** PROBLEM TO SOLVE **
Keep every line of the data below that has the string "imports" and present those lines.

Collected data entries

━━━━━━━━━━━━━━━━

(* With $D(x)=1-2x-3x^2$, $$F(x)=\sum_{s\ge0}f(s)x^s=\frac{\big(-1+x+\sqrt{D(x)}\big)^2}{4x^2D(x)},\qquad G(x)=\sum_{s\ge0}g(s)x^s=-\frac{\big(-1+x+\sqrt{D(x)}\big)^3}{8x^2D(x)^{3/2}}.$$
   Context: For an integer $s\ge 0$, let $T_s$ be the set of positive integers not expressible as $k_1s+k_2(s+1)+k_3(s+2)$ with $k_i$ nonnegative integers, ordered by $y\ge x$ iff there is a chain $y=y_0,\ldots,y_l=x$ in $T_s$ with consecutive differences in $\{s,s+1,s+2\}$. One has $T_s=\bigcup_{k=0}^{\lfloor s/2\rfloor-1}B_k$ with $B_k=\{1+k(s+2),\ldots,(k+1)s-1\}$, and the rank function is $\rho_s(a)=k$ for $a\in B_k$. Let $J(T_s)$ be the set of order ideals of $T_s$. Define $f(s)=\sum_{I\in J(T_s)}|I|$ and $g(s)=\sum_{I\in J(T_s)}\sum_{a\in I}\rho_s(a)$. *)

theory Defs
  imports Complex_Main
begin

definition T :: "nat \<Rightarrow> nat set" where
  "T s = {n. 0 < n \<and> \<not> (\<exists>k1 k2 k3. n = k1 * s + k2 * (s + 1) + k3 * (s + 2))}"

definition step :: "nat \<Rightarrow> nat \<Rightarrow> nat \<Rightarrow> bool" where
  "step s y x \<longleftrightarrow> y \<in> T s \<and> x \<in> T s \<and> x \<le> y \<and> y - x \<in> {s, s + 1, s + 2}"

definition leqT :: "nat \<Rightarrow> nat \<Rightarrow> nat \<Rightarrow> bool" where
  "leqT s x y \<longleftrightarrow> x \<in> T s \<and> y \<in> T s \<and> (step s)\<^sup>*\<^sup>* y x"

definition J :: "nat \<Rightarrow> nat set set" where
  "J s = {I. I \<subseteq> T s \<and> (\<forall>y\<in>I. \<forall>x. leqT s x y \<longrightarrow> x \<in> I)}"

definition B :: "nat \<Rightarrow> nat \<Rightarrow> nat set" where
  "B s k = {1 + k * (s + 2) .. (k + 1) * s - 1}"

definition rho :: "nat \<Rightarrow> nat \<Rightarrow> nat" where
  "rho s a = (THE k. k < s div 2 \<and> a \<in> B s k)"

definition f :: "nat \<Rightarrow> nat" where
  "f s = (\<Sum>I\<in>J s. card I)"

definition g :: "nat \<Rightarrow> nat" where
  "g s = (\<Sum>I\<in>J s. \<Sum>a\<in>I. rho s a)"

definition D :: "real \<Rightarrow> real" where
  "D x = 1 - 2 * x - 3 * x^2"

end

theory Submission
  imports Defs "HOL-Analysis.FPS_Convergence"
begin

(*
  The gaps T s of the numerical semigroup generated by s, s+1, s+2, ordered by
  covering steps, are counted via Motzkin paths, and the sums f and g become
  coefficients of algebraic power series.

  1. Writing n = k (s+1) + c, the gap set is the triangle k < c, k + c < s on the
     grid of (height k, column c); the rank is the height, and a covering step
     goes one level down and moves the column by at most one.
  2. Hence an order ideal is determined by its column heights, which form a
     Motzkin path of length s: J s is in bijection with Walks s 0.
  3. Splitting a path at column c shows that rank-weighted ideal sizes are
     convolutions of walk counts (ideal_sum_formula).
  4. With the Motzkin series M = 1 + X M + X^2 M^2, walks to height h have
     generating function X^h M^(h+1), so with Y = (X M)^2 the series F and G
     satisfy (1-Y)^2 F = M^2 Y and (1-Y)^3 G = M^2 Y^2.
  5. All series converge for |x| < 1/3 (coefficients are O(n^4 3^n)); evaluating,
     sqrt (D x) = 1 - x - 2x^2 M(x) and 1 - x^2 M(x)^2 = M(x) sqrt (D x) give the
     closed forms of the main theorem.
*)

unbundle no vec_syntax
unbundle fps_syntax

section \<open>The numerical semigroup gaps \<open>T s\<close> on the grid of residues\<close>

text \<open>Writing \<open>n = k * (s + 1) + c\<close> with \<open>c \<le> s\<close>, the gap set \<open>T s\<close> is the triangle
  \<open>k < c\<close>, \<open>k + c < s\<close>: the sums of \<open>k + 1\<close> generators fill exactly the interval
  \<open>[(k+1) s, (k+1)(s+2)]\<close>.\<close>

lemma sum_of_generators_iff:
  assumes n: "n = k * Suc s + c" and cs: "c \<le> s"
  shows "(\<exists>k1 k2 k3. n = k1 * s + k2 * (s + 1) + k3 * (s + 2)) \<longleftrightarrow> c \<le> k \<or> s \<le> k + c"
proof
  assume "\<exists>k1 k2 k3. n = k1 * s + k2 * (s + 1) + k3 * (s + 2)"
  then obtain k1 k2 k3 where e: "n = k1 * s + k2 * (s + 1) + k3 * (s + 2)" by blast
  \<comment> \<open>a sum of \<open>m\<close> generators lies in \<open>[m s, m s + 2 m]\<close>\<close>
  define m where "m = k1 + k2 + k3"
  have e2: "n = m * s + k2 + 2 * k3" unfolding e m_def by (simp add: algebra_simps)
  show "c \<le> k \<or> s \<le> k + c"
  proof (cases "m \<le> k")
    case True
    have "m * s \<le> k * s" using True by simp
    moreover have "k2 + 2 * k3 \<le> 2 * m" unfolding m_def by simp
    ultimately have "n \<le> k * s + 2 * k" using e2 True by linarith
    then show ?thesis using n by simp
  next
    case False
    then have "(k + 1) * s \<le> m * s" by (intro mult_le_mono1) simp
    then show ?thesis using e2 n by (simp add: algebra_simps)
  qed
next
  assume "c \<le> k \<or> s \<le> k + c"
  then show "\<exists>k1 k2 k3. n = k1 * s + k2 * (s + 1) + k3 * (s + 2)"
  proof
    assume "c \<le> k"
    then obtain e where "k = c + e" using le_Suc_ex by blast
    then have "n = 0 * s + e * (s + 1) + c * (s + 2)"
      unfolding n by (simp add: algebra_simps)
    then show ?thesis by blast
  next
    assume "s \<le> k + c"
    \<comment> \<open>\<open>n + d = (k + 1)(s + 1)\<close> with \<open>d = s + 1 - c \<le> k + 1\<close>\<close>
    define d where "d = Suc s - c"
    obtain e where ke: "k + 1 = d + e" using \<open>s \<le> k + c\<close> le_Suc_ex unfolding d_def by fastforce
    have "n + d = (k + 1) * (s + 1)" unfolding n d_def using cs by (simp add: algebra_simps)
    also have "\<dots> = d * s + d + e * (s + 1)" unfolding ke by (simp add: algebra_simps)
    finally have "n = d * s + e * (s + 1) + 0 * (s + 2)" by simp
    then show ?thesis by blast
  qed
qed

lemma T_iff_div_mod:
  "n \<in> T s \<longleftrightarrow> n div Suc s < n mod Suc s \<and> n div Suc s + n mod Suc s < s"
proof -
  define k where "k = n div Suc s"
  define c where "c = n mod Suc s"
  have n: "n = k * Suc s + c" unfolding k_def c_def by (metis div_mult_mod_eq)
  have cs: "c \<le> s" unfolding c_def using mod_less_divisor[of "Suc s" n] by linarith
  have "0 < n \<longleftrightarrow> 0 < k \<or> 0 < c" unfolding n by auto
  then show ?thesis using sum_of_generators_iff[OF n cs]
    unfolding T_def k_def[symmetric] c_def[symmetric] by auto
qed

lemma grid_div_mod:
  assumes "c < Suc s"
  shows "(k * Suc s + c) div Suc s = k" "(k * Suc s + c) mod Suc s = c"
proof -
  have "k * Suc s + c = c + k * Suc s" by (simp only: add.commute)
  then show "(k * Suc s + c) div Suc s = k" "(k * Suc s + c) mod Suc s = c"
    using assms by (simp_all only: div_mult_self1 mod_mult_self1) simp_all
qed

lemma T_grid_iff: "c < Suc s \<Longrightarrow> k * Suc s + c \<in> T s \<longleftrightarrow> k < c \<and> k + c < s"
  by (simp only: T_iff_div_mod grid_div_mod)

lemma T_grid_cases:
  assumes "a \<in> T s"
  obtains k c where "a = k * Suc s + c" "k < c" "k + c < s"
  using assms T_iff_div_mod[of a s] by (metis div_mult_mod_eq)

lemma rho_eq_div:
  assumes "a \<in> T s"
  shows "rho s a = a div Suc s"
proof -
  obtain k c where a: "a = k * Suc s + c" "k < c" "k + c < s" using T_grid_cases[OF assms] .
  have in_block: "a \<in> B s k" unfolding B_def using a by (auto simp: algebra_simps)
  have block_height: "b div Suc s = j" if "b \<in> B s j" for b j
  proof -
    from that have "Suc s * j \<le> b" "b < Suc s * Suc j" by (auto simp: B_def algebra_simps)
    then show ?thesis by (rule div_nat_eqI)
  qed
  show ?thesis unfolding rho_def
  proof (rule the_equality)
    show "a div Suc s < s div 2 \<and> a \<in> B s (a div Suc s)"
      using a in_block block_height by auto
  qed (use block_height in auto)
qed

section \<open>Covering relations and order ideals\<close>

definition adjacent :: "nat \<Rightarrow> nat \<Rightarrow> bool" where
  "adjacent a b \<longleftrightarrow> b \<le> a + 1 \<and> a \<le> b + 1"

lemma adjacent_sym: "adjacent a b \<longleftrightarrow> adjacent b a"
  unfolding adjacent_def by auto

━━━━━━━━━━━━━━━━

** RESPONSE AREA **
  imports Complex_Main
  imports Defs "HOL-Analysis.FPS_Convergence"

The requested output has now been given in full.